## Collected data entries

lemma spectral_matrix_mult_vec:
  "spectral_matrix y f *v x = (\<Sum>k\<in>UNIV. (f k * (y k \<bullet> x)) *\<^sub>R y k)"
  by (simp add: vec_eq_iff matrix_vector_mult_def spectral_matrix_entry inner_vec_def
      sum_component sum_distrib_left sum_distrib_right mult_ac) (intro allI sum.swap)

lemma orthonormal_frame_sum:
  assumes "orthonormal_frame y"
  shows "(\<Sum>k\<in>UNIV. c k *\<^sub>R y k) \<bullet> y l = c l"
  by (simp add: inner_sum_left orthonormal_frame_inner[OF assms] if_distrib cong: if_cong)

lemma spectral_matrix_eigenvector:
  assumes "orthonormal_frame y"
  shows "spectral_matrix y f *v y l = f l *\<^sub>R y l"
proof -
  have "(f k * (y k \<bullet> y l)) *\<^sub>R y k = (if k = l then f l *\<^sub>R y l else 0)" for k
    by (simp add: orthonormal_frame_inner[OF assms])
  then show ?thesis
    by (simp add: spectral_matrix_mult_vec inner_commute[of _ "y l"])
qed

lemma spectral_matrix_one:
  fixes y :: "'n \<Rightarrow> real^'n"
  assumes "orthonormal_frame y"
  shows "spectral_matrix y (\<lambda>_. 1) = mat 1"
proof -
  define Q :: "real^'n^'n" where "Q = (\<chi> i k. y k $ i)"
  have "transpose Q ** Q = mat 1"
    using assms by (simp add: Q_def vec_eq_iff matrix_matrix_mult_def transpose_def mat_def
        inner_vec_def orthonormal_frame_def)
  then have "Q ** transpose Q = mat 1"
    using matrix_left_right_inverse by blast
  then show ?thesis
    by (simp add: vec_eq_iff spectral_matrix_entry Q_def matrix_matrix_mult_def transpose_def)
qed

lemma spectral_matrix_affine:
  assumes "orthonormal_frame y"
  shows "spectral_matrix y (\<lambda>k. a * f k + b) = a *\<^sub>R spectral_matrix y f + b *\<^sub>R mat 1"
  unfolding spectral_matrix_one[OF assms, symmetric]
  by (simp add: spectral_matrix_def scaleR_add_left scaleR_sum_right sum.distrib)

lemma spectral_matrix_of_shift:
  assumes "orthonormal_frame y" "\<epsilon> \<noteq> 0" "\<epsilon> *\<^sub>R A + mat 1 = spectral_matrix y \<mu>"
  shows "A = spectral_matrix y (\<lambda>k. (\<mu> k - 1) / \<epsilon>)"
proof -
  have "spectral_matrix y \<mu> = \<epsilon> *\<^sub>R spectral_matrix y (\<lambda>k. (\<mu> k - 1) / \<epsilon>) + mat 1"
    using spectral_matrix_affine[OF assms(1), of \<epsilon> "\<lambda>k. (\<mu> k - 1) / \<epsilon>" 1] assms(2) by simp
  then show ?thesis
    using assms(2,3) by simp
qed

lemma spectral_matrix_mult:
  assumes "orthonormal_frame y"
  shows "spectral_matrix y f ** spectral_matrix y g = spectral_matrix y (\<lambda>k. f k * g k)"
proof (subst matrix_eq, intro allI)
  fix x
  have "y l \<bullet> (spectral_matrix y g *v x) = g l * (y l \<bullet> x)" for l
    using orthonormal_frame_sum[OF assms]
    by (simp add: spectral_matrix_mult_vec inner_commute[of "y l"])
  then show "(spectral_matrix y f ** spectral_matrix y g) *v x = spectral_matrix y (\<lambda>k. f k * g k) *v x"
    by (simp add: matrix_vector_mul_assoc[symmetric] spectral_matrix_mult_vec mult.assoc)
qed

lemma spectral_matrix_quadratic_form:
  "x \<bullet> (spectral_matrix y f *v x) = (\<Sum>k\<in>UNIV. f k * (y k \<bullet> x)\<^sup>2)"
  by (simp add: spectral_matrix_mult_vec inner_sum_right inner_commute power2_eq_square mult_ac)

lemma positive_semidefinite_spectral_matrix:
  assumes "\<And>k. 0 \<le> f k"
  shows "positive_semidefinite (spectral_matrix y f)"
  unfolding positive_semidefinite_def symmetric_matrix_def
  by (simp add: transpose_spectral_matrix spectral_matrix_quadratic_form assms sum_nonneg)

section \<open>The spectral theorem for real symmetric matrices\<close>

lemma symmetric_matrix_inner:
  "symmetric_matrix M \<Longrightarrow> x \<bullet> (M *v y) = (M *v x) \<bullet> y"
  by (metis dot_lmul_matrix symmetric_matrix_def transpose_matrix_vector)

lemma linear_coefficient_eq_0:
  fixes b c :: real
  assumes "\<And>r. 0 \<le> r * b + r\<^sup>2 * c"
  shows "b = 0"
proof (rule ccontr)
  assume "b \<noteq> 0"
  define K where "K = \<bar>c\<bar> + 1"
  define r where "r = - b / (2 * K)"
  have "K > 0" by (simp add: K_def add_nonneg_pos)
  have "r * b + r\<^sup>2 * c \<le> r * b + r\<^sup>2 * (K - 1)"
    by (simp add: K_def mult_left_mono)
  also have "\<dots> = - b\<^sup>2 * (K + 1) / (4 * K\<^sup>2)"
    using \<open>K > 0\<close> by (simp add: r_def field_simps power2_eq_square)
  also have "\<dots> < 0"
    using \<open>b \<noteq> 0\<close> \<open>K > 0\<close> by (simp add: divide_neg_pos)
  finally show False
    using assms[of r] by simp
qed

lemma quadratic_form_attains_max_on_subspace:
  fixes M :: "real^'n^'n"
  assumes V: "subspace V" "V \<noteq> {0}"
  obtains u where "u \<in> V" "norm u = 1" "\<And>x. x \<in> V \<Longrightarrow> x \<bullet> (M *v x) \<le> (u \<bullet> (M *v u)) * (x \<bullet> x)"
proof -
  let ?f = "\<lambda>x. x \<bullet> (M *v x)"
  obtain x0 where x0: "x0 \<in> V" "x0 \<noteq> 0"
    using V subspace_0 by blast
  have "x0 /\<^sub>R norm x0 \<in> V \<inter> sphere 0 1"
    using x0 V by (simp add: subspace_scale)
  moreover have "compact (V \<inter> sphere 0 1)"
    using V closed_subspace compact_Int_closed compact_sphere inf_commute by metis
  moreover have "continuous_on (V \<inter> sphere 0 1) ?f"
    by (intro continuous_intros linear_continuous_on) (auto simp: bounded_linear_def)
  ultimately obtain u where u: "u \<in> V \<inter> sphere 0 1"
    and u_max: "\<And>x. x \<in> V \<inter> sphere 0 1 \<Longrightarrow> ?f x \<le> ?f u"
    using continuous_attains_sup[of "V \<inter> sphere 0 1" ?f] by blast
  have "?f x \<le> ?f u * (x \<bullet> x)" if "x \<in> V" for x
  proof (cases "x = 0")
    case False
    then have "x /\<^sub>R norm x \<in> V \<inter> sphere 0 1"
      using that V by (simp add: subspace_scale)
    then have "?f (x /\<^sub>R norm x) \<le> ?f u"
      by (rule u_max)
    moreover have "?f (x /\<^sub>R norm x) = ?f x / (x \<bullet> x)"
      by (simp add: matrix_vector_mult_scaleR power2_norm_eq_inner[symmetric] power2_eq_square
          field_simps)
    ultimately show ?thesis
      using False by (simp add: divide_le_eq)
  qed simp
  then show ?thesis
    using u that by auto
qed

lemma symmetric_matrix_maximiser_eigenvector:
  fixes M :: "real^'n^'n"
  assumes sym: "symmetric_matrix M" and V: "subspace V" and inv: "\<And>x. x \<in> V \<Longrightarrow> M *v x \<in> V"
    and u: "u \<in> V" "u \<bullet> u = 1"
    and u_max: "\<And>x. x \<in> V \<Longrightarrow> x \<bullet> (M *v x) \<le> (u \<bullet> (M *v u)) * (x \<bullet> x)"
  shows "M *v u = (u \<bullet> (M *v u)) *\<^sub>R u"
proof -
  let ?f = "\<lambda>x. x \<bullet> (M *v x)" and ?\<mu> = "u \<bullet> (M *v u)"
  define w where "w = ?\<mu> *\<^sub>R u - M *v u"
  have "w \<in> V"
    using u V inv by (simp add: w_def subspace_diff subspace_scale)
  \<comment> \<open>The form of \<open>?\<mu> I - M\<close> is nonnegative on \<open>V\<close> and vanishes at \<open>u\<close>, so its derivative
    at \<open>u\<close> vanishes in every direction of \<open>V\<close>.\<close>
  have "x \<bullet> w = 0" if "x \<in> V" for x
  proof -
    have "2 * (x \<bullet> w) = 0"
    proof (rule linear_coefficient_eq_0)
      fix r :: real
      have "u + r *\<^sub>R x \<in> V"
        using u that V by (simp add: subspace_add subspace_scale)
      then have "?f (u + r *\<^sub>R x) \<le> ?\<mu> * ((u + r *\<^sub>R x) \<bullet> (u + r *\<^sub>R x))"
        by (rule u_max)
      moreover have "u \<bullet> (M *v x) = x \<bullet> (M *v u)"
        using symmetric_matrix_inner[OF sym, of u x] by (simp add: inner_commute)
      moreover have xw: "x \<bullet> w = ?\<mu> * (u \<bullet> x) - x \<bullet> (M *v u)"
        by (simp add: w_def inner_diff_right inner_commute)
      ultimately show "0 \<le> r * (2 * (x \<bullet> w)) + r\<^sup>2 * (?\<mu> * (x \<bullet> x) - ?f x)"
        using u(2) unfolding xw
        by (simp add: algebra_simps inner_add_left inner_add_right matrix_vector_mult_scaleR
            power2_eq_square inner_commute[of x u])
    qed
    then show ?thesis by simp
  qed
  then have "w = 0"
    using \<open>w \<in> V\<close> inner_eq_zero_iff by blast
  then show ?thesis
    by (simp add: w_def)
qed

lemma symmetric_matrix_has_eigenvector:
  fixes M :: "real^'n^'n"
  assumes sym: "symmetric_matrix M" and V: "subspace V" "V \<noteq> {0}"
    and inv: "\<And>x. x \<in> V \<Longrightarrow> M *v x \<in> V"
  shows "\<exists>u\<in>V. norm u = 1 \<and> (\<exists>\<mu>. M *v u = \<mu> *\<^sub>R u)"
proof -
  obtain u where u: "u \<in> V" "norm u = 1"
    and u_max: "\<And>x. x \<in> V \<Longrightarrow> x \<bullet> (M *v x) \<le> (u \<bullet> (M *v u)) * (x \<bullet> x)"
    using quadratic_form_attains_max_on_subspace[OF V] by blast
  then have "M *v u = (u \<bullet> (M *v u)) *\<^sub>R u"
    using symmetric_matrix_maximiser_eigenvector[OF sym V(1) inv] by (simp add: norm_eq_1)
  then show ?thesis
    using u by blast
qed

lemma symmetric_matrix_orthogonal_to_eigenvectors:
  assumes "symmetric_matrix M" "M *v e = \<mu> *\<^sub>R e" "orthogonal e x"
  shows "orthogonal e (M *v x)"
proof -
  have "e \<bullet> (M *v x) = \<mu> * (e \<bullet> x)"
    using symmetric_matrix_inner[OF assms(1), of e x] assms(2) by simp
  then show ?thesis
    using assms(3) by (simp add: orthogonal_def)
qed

* * *

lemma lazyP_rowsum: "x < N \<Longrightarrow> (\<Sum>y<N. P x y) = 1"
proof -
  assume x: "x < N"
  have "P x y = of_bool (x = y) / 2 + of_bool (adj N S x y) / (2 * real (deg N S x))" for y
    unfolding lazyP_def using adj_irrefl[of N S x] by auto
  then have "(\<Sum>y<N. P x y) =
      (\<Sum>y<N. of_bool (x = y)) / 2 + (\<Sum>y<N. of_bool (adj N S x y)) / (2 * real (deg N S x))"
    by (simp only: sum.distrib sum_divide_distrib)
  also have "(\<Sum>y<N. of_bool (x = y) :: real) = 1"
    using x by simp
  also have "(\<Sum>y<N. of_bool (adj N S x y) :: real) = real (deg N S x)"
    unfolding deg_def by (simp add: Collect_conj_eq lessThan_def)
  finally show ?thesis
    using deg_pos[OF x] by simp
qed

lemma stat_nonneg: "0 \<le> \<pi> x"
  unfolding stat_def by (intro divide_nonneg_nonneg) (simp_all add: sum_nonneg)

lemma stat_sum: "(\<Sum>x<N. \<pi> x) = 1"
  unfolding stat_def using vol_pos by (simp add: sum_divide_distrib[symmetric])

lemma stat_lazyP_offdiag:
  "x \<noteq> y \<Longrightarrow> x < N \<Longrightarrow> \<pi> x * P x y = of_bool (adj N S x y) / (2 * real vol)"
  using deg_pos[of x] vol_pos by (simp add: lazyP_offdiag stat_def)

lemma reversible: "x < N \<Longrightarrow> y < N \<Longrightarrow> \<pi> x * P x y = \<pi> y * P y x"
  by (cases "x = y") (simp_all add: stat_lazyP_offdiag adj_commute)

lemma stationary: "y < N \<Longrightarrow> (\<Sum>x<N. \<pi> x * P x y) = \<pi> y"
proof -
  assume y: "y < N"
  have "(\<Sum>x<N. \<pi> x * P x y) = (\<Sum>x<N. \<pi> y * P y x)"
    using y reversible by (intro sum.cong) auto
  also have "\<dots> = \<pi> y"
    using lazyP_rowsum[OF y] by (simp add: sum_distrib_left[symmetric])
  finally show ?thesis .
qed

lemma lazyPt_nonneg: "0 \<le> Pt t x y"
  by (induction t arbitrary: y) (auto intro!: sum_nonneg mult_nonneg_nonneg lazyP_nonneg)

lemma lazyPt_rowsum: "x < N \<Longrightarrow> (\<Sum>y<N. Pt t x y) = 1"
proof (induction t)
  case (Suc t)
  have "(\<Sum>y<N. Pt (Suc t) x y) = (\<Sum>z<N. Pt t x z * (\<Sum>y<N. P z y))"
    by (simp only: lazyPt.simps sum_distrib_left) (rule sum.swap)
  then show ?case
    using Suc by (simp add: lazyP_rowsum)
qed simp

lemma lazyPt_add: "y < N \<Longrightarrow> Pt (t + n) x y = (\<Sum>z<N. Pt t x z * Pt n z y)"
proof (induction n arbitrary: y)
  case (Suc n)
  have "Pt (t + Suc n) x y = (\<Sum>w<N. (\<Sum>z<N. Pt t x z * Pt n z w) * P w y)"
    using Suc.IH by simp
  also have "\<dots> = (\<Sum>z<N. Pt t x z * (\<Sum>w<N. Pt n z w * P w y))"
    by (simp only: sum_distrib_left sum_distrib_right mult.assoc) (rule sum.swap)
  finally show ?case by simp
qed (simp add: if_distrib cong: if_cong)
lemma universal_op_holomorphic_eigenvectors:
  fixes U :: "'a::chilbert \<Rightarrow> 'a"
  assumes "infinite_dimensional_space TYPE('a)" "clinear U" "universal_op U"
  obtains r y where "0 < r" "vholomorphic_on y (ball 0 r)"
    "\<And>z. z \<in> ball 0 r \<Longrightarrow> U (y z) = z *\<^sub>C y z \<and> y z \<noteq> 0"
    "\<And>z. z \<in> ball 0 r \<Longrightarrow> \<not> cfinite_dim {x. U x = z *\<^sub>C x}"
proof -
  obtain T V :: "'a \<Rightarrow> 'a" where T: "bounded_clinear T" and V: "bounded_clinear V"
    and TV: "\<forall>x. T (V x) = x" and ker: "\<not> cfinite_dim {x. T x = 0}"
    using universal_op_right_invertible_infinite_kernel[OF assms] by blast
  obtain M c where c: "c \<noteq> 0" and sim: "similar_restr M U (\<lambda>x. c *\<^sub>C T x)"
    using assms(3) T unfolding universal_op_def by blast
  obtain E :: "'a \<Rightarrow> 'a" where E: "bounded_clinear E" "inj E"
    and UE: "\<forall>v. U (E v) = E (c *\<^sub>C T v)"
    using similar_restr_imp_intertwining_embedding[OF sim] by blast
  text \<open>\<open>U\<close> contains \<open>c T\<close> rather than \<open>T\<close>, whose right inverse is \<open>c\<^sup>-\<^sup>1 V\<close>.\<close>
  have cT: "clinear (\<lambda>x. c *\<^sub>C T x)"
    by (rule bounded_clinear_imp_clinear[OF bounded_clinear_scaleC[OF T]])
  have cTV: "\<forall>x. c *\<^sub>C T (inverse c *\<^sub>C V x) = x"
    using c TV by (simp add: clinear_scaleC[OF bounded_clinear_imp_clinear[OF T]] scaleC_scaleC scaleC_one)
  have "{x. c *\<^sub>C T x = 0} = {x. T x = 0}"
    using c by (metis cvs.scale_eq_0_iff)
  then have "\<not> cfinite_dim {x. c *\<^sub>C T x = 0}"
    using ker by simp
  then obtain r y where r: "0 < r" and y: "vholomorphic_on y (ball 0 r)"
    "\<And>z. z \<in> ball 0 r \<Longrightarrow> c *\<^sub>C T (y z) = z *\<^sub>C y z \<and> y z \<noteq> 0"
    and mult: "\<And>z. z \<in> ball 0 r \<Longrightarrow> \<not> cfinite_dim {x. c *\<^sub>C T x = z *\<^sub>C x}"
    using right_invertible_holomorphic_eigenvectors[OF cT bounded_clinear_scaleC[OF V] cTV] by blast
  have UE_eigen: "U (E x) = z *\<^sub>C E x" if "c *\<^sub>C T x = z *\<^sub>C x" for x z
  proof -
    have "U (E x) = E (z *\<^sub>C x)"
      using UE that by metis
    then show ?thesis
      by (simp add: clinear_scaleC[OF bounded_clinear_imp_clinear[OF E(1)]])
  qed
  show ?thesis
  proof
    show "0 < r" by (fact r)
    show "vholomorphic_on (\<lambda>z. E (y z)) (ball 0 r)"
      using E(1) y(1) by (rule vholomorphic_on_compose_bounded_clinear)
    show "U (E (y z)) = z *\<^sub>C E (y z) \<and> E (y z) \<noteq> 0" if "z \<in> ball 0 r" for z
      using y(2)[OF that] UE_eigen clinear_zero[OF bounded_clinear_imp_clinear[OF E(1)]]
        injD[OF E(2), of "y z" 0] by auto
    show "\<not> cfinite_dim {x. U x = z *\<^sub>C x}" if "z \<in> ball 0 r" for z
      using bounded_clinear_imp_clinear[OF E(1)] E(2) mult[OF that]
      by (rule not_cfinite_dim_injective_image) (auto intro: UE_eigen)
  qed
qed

## THE TASK
In the entries above, restate word for word the lines between the one holding "x) = x \<bullet>" and the one holding "by (simp add: w_def inner_diff_right", inclusive, and nothing besides.

## ANSWER TO THIS PROBLEM
      moreover have "u \<bullet> (M *v x) = x \<bullet> (M *v u)"
        using symmetric_matrix_inner[OF sym, of u x] by (simp add: inner_commute)
      moreover have xw: "x \<bullet> w = ?\<mu> * (u \<bullet> x) - x \<bullet> (M *v u)"
        by (simp add: w_def inner_diff_right inner_commute)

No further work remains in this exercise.